* EXERCISE AIM *
Find the line containing "then show ?thesis by (simp add: sum_negf)" in the entries below. Reproduce that line and each one after it to the end, exactly, with no other lines.

————

lemma tokLoss_mask_diff_le:
  fixes B :: "nat \<Rightarrow> nat \<Rightarrow> nat \<Rightarrow> real" and m :: "nat \<Rightarrow> real"
  assumes "kind = BinaryCE \<Longrightarrow> C = 1" and lab: "kind = MulticlassCE \<Longrightarrow> \<forall>t<n. lab t < C"
    and m: "\<forall>h<H. m h \<in> {0, 1}"
  shows "tokLoss kind n (H * dv) C W lab (concat_heads H dv (\<lambda>h t k. m h * B h t k))
      - tokLoss kind n (H * dv) C W lab (concat_heads H dv B)
    \<le> (\<Sum>h<H. (1 - m h) * \<bar>gradInner kind n H dv C W lab B h\<bar>)
      + ell_curvature kind / 2 * (specnorm (H * dv) C W)\<^sup>2 * (\<Sum>h<H. (1 - m h) * frob2 n dv (B h))"
proof -
  define Y where "Y = concat_heads H dv B"
  define D where "D = concat_heads H dv (\<lambda>h t k. (m h - 1) * B h t k)"
  have masked: "concat_heads H dv (\<lambda>h t k. m h * B h t k) = (\<lambda>t j. Y t j + D t j)"
    by (auto simp: fun_eq_iff Y_def D_def concat_heads_def algebra_simps)
  have "tokLoss_deriv kind n (H * dv) C W lab Y D
      = (\<Sum>h<H. (m h - 1) * gradInner kind n H dv C W lab B h)"
    by (simp add: D_def Y_def concat_heads_scaled_eq_sum tokLoss_deriv_sum gradInner_eq_tokLoss_deriv[OF lab])
  also have "\<dots> \<le> (\<Sum>h<H. (1 - m h) * \<bar>gradInner kind n H dv C W lab B h\<bar>)"
    using m by (intro sum_mono) auto
  finally have deriv_le: "tokLoss_deriv kind n (H * dv) C W lab Y D
      \<le> (\<Sum>h<H. (1 - m h) * \<bar>gradInner kind n H dv C W lab B h\<bar>)" .
  have "frob2 n dv (\<lambda>t k. (m h - 1) * B h t k) = (1 - m h) * frob2 n dv (B h)" if "h < H" for h
  proof -
    have "(m h - 1)\<^sup>2 = 1 - m h"
      using m that by auto
    then show ?thesis
      by (simp add: frob2_def power_mult_distrib sum_distrib_left[symmetric] mult.left_commute)
  qed
  then have frob2_D: "frob2 n (H * dv) D = (\<Sum>h<H. (1 - m h) * frob2 n dv (B h))"
    unfolding D_def frob2_concat_heads by (intro sum.cong) auto
  show ?thesis
    using tokLoss_le_linear_plus_quadratic[of kind C n lab "H * dv" W Y D] assms deriv_le
    unfolding masked frob2_D Y_def[symmetric] by auto
qed

theorem mainTheorem4:
  fixes M :: "'x measure"
    and kind :: lossKind
    and H dv n C :: nat
    and A :: "nat \<Rightarrow> 'x \<Rightarrow> nat \<Rightarrow> nat \<Rightarrow> real"
    and W :: "nat \<Rightarrow> nat \<Rightarrow> real"
    and lab :: "'x \<Rightarrow> nat \<Rightarrow> nat"
    and m :: "nat \<Rightarrow> real"
  defines "Lfull \<equiv> (\<lambda>x. tokLoss kind n (H * dv) C W (lab x) (concat_heads H dv (\<lambda>h. A h x)))"
      and "Lmask \<equiv> (\<lambda>x. tokLoss kind n (H * dv) C W (lab x)
                            (concat_heads H dv (\<lambda>h t k. m h * A h x t k)))"
      and "HIS \<equiv> (\<lambda>h. \<integral>x. \<bar>gradInner kind n H dv C W (lab x) (\<lambda>h'. A h' x) h\<bar> \<partial>M)"
      and "cst \<equiv> (if kind = BinaryCE then 1/4 else 1/2 :: real)"
  assumes "prob_space M"
    and "n > 0"
    and "kind = BinaryCE \<Longrightarrow> C = 1 \<and> (\<forall>x\<in>space M. \<forall>t<n. lab x t \<in> {0, 1})"
    and "kind = MulticlassCE \<Longrightarrow> (\<forall>x\<in>space M. \<forall>t<n. lab x t < C)"
    and "\<forall>h<H. m h \<in> {0, 1}"
    and "integrable M Lfull"
    and "integrable M Lmask"
    and "\<forall>h<H. integrable M (\<lambda>x. \<bar>gradInner kind n H dv C W (lab x) (\<lambda>h'. A h' x) h\<bar>)"
    and "\<forall>h<H. integrable M (\<lambda>x. frob2 n dv (A h x))"
  shows "(\<integral>x. (Lmask x - Lfull x) \<partial>M)
           \<le> (\<Sum>h<H. (1 - m h) * HIS h)
             + cst / 2 * (specnorm (H * dv) C W)\<^sup>2
                 * (\<Sum>h<H. (1 - m h) * (\<integral>x. frob2 n dv (A h x) \<partial>M))"
proof -
  define G where "G h x = \<bar>gradInner kind n H dv C W (lab x) (\<lambda>h'. A h' x) h\<bar>" for h x
  define F where "F h x = frob2 n dv (A h x)" for h x
  define Q where "Q = cst / 2 * (specnorm (H * dv) C W)\<^sup>2"
  have G_int: "integrable M (G h)" and F_int: "integrable M (F h)" if "h < H" for h
    using assms(12,13) that by (simp_all add: G_def[abs_def] F_def[abs_def])
  have "Lmask x - Lfull x \<le> (\<Sum>h<H. (1 - m h) * G h x) + Q * (\<Sum>h<H. (1 - m h) * F h x)"
    if "x \<in> space M" for x
    unfolding Lmask_def Lfull_def G_def F_def Q_def cst_def ell_curvature_def[symmetric]
    by (rule tokLoss_mask_diff_le) (use assms(6-9) that in auto)
  moreover have sums_int: "integrable M (\<lambda>x. \<Sum>h<H. (1 - m h) * G h x)"
      "integrable M (\<lambda>x. \<Sum>h<H. (1 - m h) * F h x)"
    using G_int F_int by (auto intro!: Bochner_Integration.integrable_sum)
  ultimately have "(\<integral>x. (Lmask x - Lfull x) \<partial>M)
      \<le> (\<integral>x. (\<Sum>h<H. (1 - m h) * G h x) + Q * (\<Sum>h<H. (1 - m h) * F h x) \<partial>M)"
    using assms(10,11) by (intro integral_mono) auto
  also have "\<dots> = (\<Sum>h<H. (1 - m h) * (\<integral>x. G h x \<partial>M)) + Q * (\<Sum>h<H. (1 - m h) * (\<integral>x. F h x \<partial>M))"
    using G_int F_int sums_int by (simp add: Bochner_Integration.integral_sum)
  finally show ?thesis
    by (simp add: HIS_def G_def F_def Q_def)
qed

end
lemma ricci_commute: "ricci t b = ricci b t"
proof -
  have "(\<Sum>s\<in>UNIV. R s s t b + R s t b s + R s b s t) = 0"
    by (simp add: R_bianchi)
  then have "ricci t b + (\<Sum>s\<in>UNIV. R s t b s) + (\<Sum>s\<in>UNIV. R s b s t) = 0"
    by (simp only: ricci_def sum.distrib)
  then show ?thesis
    using trace_last_eq_0[of t b] by (simp add: ricci_def R_antisym[of _ b _ t] sum_negf)
qed

lemma contraction_eq_ricci: "(\<Sum>i\<in>UNIV. \<Sum>s\<in>UNIV. G i s * R a s t i) = - (\<Sum>b\<in>UNIV. G a b * ricci t b)"
proof -
  have "(\<Sum>i\<in>UNIV. \<Sum>s\<in>UNIV. G i s * R a s t i) = (\<Sum>i\<in>UNIV. \<Sum>s\<in>UNIV. \<Sum>b\<in>UNIV. G a b * (G i s * lowered b s t i))"
    by (simp add: raise_lowered sum_distrib_left mult_ac)
  also have "\<dots> = (\<Sum>i\<in>UNIV. \<Sum>b\<in>UNIV. \<Sum>s\<in>UNIV. G a b * (G i s * lowered b s t i))"
    by (rule sum.cong[OF refl], rule sum.swap)
  also have "\<dots> = (\<Sum>b\<in>UNIV. G a b * (\<Sum>i\<in>UNIV. \<Sum>s\<in>UNIV. G i s * lowered b s t i))"
    by (subst sum.swap) (simp add: sum_distrib_left)
  also have "\<dots> = - (\<Sum>b\<in>UNIV. G a b * (\<Sum>s\<in>UNIV. \<Sum>i\<in>UNIV. G s i * lowered i s t b))"
  proof -
    have "(\<Sum>i\<in>UNIV. \<Sum>s\<in>UNIV. G i s * lowered b s t i) = - (\<Sum>s\<in>UNIV. \<Sum>i\<in>UNIV. G s i * lowered i s t b)" for b
      by (subst sum.swap) (simp add: lowered_antisym[of b] G_commute sum_negf)
    then show ?thesis by (simp add: sum_negf)
  qed
  also have "\<dots> = - (\<Sum>b\<in>UNIV. G a b * ricci t b)"
    by (simp add: ricci_def raise_lowered)
  finally show ?thesis .
qed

————

* ANSWER SECTION *
    then show ?thesis by (simp add: sum_negf)
  qed
  also have "\<dots> = - (\<Sum>b\<in>UNIV. G a b * ricci t b)"
    by (simp add: ricci_def raise_lowered)
  finally show ?thesis .
qed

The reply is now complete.